## Regularization and base learners in XGBoost
Regularization is a very important technique in machine learning to prevent overfitting. Mathematically speaking, it adds a regularization term in order to prevent the coefficients to fit so perfectly to overfit. The difference between the L1 and L2 is just that L2 is the sum of the square of the weights, while L1 is just the sum of the weights. 

[Regularization](http://enhancedatascience.com/2017/07/04/machine-learning-explained-regularization/), in the context of machine learning, refers to the process of modifying a learning algorithm so as to prevent overfitting. This generally involves imposing some sort of smoothness constraint on the learned model. This smoothness may be enforced explicitly, by fixing the number of parameters in the model, or by augmenting the cost function.

In [1]:
# may be required as xgboost import throws errors 
# import os
# mingw_path = 'C:\\Program Files\\mingw-w64\\x86_64-7.2.0-posix-seh-rt_v5-rev1\\mingw64\\bin'
# os.environ['PATH'] = mingw_path + ';' + os.environ['PATH']

In [2]:
import xgboost as xgb
import pandas as pd
import numpy as np
from sklearn.model_selection import train_test_split

In [3]:
# Load data Ames, Iowa dataset from DataCamp's AWS url
housing_data = pd.read_csv("https://s3.amazonaws.com/assets.datacamp.com/production/course_3786/datasets/ames_housing_trimmed_processed.csv")

In [4]:
# Create df for the features and the target: X, y
X, y = housing_data.iloc[:,:-1], housing_data.iloc[:,-1]

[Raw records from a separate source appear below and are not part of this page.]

(* Under the setting of the context, assume that all zeros of $T$ lie in $\mathbb{C}\setminus(\Delta_1\cup\Delta_m)$, that $f$ has exactly $D$ poles in $\mathbb{C}\setminus\Delta_m$, and that $n>N\ge D$. For each $j=0,\ldots,m-1$, $$\int x^\nu Q_{n,j+1}(x)\frac{\mathcal{H}_{n,j+1}(x)\,d\sigma_{j+1}(x)}{Q_{n,j}(x)Q_{n,j+2}(x)}=0,\qquad\nu=0,1,\ldots,n-D-1.$$ Moreover, for $j=0,2,3,\ldots,m-1$, $$\mathcal{H}_{n,j}(z)=\int\frac{Q_{n,j+1}^2(x)}{z-x}\frac{\mathcal{H}_{n,j+1}(x)\,d\sigma_{j+1}(x)}{Q_{n,j}(x)Q_{n,j+2}(x)},$$ and $$\mathcal{H}_{n,1}(z)=T(z)\int\frac{Q_{n,2}^2(x)}{z-x}\frac{\mathcal{H}_{n,2}(x)\,d\sigma_2(x)}{Q_{n,1}(x)Q_{n,3}(x)}.$$
   Context: Cauchy transform: $\widehat{s}(z)=\int\frac{ds(x)}{z-x}$. For measures $\sigma_\alpha,\sigma_\beta$ on $\mathbb{R}$ with disjoint convex hulls of supports, $d\langle\sigma_\alpha,\sigma_\beta\rangle(x):=\widehat{\sigma}_\beta(x)d\sigma_\alpha(x)$. Setting: $m\ge1$; $\Delta_1,\ldots,\Delta_m$ bounded compact intervals of $\mathbb{R}$ with $\Delta_j\cap\Delta_{j+1}=\emptyset$; $\sigma_j$ a finite Borel measure of constant sign with infinite support whose convex hull is $\Delta_j$. For $1\le j\le k\le m$, $s_{j,k}=\langle\sigma_j,\langle\sigma_{j+1},\ldots,\sigma_k\rangle\rangle$, $s_{k,j}=\langle\sigma_k,\langle\sigma_{k-1},\ldots,\sigma_j\rangle\rangle$ ($s_{j,j}=\sigma_j$). $r_k=v_k/t_k$ rational with real coefficients, $t_k$ monic, $\deg v_k<\deg t_k$, $(v_k,t_k)=1$. $T=\operatorname{lcm}(t_1,\ldots,t_m)$, $D=\deg T$, $f:=\widehat{s}_{m,1}-\sum_{k=1}^{m-1}(-1)^k\widehat{s}_{m,k+1}r_k-(-1)^mr_m$. Multi-level Hermite–Padé polynomials: $a_{n,0},\ldots,a_{n,m}$, not all zero, $\deg a_{n,j}\le n-1$ ($j<m$), $\deg a_{n,m}\le n$, with, as $z\to\infty$, $\mathcal{A}_{n,0}:=a_{n,0}+\sum_{k=1}^m(-1)^ka_{n,k}(\widehat{s}_{1,k}+r_k)=O(z^{-n-1})$, $\mathcal{A}_{n,j}:=(-1)^ja_{n,j}+\sum_{k=j+1}^m(-1)^ka_{n,k}\widehat{s}_{j+1,k}=O(z^{-1})$ ($1\le j\le m-1$); $\mathcal{A}_{n,m}:=(-1)^ma_{n,m}$. Under the stated assumptions on $T$ and $f$ it is known that there is $N\ge D$ such that for $n>N$: $\deg a_{n,m}=n$, the solution is unique up to a constant factor and normalized with $a_{n,m}$ monic; $a_{n,m}$ has exactly $n-D$ simple zeros on $\Delta_m$; for $1\le j\le m-1$, $\mathcal{A}_{n,j}$ has exactly $n-D$ zeros in $\mathbb{C}\setminus\Delta_{j+1}$, simple and in $\Delta_j$. $Q_{n,j}$ ($1\le j\le m$) is the monic polynomial of degree $n-D$ whose zeros are the zeros of $\mathcal{A}_{n,j}$ on $\Delta_j$; by convention $Q_{n,0}\equiv Q_{n,m+1}\equiv1$. $\mathcal{H}_{n,j}=Q_{n,j+1}T\mathcal{A}_{n,j}/Q_{n,j}$ for $j=0,1$ and $\mathcal{H}_{n,j}=Q_{n,j+1}\mathcal{A}_{n,j}/Q_{n,j}$ for $j=2,\ldots,m$. *)

theory Defs
  imports "HOL-Complex_Analysis.Complex_Analysis" "HOL-Probability.Probability"
    "HOL-Computational_Algebra.Computational_Algebra" "HOL-Computational_Algebra.Field_as_Ring" "HOL-Library.Landau_Symbols"
begin
theorem mainTheorem14:
  fixes n :: nat and X :: "nat \<Rightarrow> 'a::field"
  assumes "n \<ge> 1" and "\<forall>i\<in>{1..n}. X i \<noteq> 0"
  defines "A \<equiv> (\<lambda>i j. hsym n X (1 - int i - int j))"
      and "B \<equiv> (\<lambda>i j. (-1) ^ (i + j) * esym n X (i + j - 1))"
  shows "(\<forall>i\<in>{1..n}. \<forall>j\<in>{1..n}. (\<Sum>k=1..n. A i k * B k j) = (if i = j then 1 else 0))
       \<and> (\<forall>i\<in>{1..n}. \<forall>j\<in>{1..n}. (\<Sum>k=1..n. B i k * A k j) = (if i = j then 1 else 0))"
proof -
  have A_hneg: "A i k = (-1) ^ (n + 1) * hneg n X (i + k - 1)" if "i \<ge> 1" "k \<ge> 1" for i k
  proof -
    have "nat (- (1 - int i - int k)) = i + k - 1"
      using that by simp
    then show ?thesis
      using that by (simp add: A_def hsym_neg)
  qed
  have AB: "(\<Sum>k=1..n. A i k * B k j) = (if i = j then 1 else 0)"
    if "i \<in> {1..n}" "j \<in> {1..n}" for i j
  proof -
    have "(\<Sum>k=1..n. A i k * B k j)
        = (-1) ^ (n + 1) * (\<Sum>k=1..n. hneg n X (i + k - 1) * ((-1) ^ (k + j) * esym n X (k + j - 1)))"
      using that by (simp add: A_hneg B_def sum_distrib_left mult.assoc)
    then show ?thesis
      using hneg_esym_hankel_product[OF assms(2) that] by (simp flip: power_add)
  qed
  have "A i k = A k i" "B i k = B k i" for i k
    by (simp_all add: A_def B_def add.commute diff_diff_eq)
  then have "(\<Sum>k=1..n. B i k * A k j) = (\<Sum>k=1..n. A j k * B k i)" for i j
    by (simp add: mult.commute)
  then show ?thesis
    using AB by auto
qed

end
lemma sum_list_min_2_eq_min_1:
  assumes "sum_list (map (min (2::nat)) xs) = sum_list (map (min 1) xs)" and "x \<in> set xs"
  shows "x \<le> 1"
  using assms
proof (induction xs)
  case (Cons a xs)
  have "sum_list (map (min 1) xs) \<le> sum_list (map (min (2::nat)) xs)"
    by (rule sum_list_mono) simp
  moreover have "min 1 a \<le> min (2::nat) a" by simp
  ultimately have "min (2::nat) a = min 1 a"
    and "sum_list (map (min (2::nat)) xs) = sum_list (map (min 1) xs)"
    using Cons.prems(1) by auto
  with Cons show ?case by auto
qed simp

lemma jordan_matrix_blocks_of_size_1:
  assumes "\<forall>b\<in>set n_as. fst b = 1"
  shows "jordan_matrix n_as = mat_diag (length n_as) (\<lambda>i. snd (n_as ! i))"
  using assms
proof (induction n_as)
  case Nil
  show ?case by (auto simp: jordan_matrix_def mat_diag_def)
next
  case (Cons b n_as)
  obtain a where b: "b = (1, a)" using Cons.prems by (cases b) auto
  have "sum_list (map fst n_as) = length n_as"
    using Cons.prems by (induction n_as) auto
  then show ?case using Cons
    by (intro eq_matI)
      (auto simp: b jordan_matrix_Cons mat_diag_def jordan_block_def nth_Cons split: nat.splits)
qed

lemma similar_mat_wit_mult_commute:
  assumes "A \<in> carrier_mat n n" and "similar_mat_wit A B S S'"
  shows "A * S = S * B" and "S' * A = B * S'"
proof -
  note wit = similar_mat_witD2[OF assms]
  have "A * S = S * B * (S' * S)"
    using wit by (simp add: assoc_mult_mat[of _ n n _ n _ n])
  then show "A * S = S * B" using wit by simp
  have "S' * A = (S' * S) * (B * S')"
    by (subst assoc_mult_mat[of S' n n S n "B * S'" n])
      (use wit in \<open>simp_all add: assoc_mult_mat[of _ n n _ n _ n]\<close>)
  then show "S' * A = B * S'" using wit by simp
qed

lemma mat_diag_mult_vec_index:
  "v \<in> carrier_vec n \<Longrightarrow> i < n \<Longrightarrow> (mat_diag n d *\<^sub>v v) $ i = d i * v $ i"
  by (simp add: mat_diag_def scalar_prod_def sum.remove[of _ i])

lemma diagonalized_coordinate_eq_0:
  fixes A :: "'a :: field mat"
  assumes A: "A \<in> carrier_mat n n" and S': "S' \<in> carrier_mat n n"
    and SA: "S' * A = mat_diag n d * S'"
    and y: "y \<in> carrier_vec n" and Ay: "A *\<^sub>v y = c \<cdot>\<^sub>v y" and i: "i < n" and di: "d i \<noteq> c"
  shows "(S' *\<^sub>v y) $ i = 0"
proof -
  have "mat_diag n d *\<^sub>v (S' *\<^sub>v y) = (S' * A) *\<^sub>v y"
    using A S' y by (simp add: SA assoc_mult_mat_vec[of _ n n _ n])
  also have "\<dots> = c \<cdot>\<^sub>v (S' *\<^sub>v y)"
    using A S' y by (simp add: Ay assoc_mult_mat_vec[of _ n n _ n] mult_mat_vec[OF S' y])
  finally have "(mat_diag n d *\<^sub>v (S' *\<^sub>v y)) $ i = (c \<cdot>\<^sub>v (S' *\<^sub>v y)) $ i" by simp
  then have "d i * (S' *\<^sub>v y) $ i = c * (S' *\<^sub>v y) $ i"
    using S' y i by (simp add: mat_diag_mult_vec_index)
  with di show ?thesis by simp
qed

lemma diagonalized_col_eigenvector:
  fixes A :: "'a :: field mat"
  assumes A: "A \<in> carrier_mat n n" and S: "S \<in> carrier_mat n n"
    and AS: "A * S = S * mat_diag n d" and i: "i < n"
  shows "A *\<^sub>v col S i = d i \<cdot>\<^sub>v col S i"
proof -
  have "A *\<^sub>v col S i = col (A * S) i" by (rule col_mult2[OF A S i, symmetric])
  also have "\<dots> = col (S * mat_diag n d) i" by (simp only: AS)
  also have "\<dots> = d i \<cdot>\<^sub>v col S i"
    using S i by (intro eq_vecI) (auto simp: mat_diag_mult_right[OF S] mult.commute)
  finally show ?thesis .
qed

lemma mult_vec_row_index:
  fixes A :: "'a :: comm_semiring_0 mat"
  assumes "A \<in> carrier_mat m k" and "N \<in> carrier_mat k k" and "i < m" and "j < k"
  shows "(N *\<^sub>v row A i) $ j = (A * transpose_mat N) $$ (i, j)"
  using assms by (simp, subst comm_scalar_prod[of _ k]) auto
lemma inf_concat_Suc:
  "inf_concat ws \<alpha> \<longleftrightarrow> (\<exists>\<beta>. \<alpha> = ws 0 \<frown> \<beta> \<and> inf_concat (\<lambda>n. ws (Suc n)) \<beta>)"
proof -
  have offset_Suc: "offset ws (Suc n) = length (ws 0) + offset (\<lambda>n. ws (Suc n)) n" for n
    by (induction n) auto
  show ?thesis
  proof
    assume concat: "inf_concat ws \<alpha>"
    have "prefix (length (ws 0)) \<alpha> = ws 0"
      using concat unfolding inf_concat_iff_nth by (intro nth_equalityI) (auto dest: spec[of _ 0])
    then have "\<alpha> = ws 0 \<frown> suffix (length (ws 0)) \<alpha>"
      by (metis prefix_suffix)
    moreover have "inf_concat (\<lambda>n. ws (Suc n)) (suffix (length (ws 0)) \<alpha>)"
      unfolding inf_concat_iff_nth
    proof (intro allI impI)
      fix n j assume "j < length (ws (Suc n))"
      then have "\<alpha> (offset ws (Suc n) + j) = ws (Suc n) ! j"
        using concat unfolding inf_concat_iff_nth by blast
      then show "suffix (length (ws 0)) \<alpha> (offset (\<lambda>n. ws (Suc n)) n + j) = ws (Suc n) ! j"
        unfolding offset_Suc by (simp add: add.assoc)
    qed
    ultimately show "\<exists>\<beta>. \<alpha> = ws 0 \<frown> \<beta> \<and> inf_concat (\<lambda>n. ws (Suc n)) \<beta>"
      by blast
  next
    assume "\<exists>\<beta>. \<alpha> = ws 0 \<frown> \<beta> \<and> inf_concat (\<lambda>n. ws (Suc n)) \<beta>"
    then obtain \<beta> where \<alpha>: "\<alpha> = ws 0 \<frown> \<beta>" and \<beta>: "inf_concat (\<lambda>n. ws (Suc n)) \<beta>"
      by blast
    show "inf_concat ws \<alpha>"
      unfolding inf_concat_iff_nth
    proof (intro allI impI)
      fix n j assume j: "j < length (ws n)"
      show "\<alpha> (offset ws n + j) = ws n ! j"
      proof (cases n)
        case (Suc m)
        then show ?thesis
          using j \<alpha> \<beta>[unfolded inf_concat_iff_nth, rule_format, of j m]
          by (simp only: offset_Suc) (simp add: add.assoc)
      qed (use j \<alpha> in simp)
    qed
  qed
qed

lemma inf_concat_map: "inf_concat ws \<alpha> \<Longrightarrow> inf_concat (\<lambda>n. map f (ws n)) (f \<circ> \<alpha>)"
  unfolding inf_concat_iff_nth by simp
lemma poly_smult_prod_roots_eq_0_iff:
  fixes w :: "nat \<Rightarrow> 'a::idom" and N :: nat
  assumes "c \<noteq> 0"
  shows "poly (smult c (\<Prod>i<N. [:- w i, 1:])) z = 0 \<longleftrightarrow> z \<in> w ` {..<N}"
  using assms by (auto simp: poly_prod)

lemma poly_prod_roots_at_root:
  fixes w :: "nat \<Rightarrow> 'a::idom"
  assumes "i < N"
  shows "poly (\<Prod>k<N. [:- w k, 1:]) (w i) = 0"
  using assms by (auto simp: poly_prod)

lemma pderiv_smult_prod_roots_nonzero:
  fixes w :: "nat \<Rightarrow> 'a::idom" and N :: nat
  assumes "c \<noteq> 0" "inj_on w {..<N}" "i < N"
  shows "poly (pderiv (smult c (\<Prod>k<N. [:- w k, 1:]))) (w i) \<noteq> 0"
proof -
  define R where "R = (\<Prod>k\<in>{..<N} - {i}. [:- w k, 1:])"
  have "(\<Prod>k<N. [:- w k, 1:]) = [:- w i, 1:] * R"
    unfolding R_def using assms(3) by (subst prod.remove[of _ i]) auto
  then have "poly (pderiv (\<Prod>k<N. [:- w k, 1:])) (w i) = poly R (w i)"
    by (simp add: pderiv_mult pderiv_pCons del: mult_pCons_left)
  moreover have "poly R (w i) \<noteq> 0"
    using assms(2,3) by (auto simp: R_def poly_prod inj_on_def)
  ultimately show ?thesis
    using assms(1) by (simp add: pderiv_smult)
qed

lemma poly_map_poly_of_real:
  "poly (map_poly of_real p) (of_real x :: 'a::{real_algebra_1,comm_ring_1}) = of_real (poly p x)"
  by (induction p) (auto simp: map_poly_pCons)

### L1 Regularization Penalty ('alpha')
The L1 regularization adds a penalty equal to the sum of the absolute value of the coefficients. The L1 regularization will ___shrink some parameters to zero___. Hence some variables will not play any role in the model, L1 regression can be seen as a way to select features in a model.  A regression model that uses L1 regularization technique is called Lasso Regression.  Lasso  (Least Absolute Shrinkage and Selection Operator) adds “absolute value of magnitude” of coefficient as penalty term to the loss function.  If lambda is zero then we will get back OLS whereas a very large value will make coefficients zero hence it will under-fit.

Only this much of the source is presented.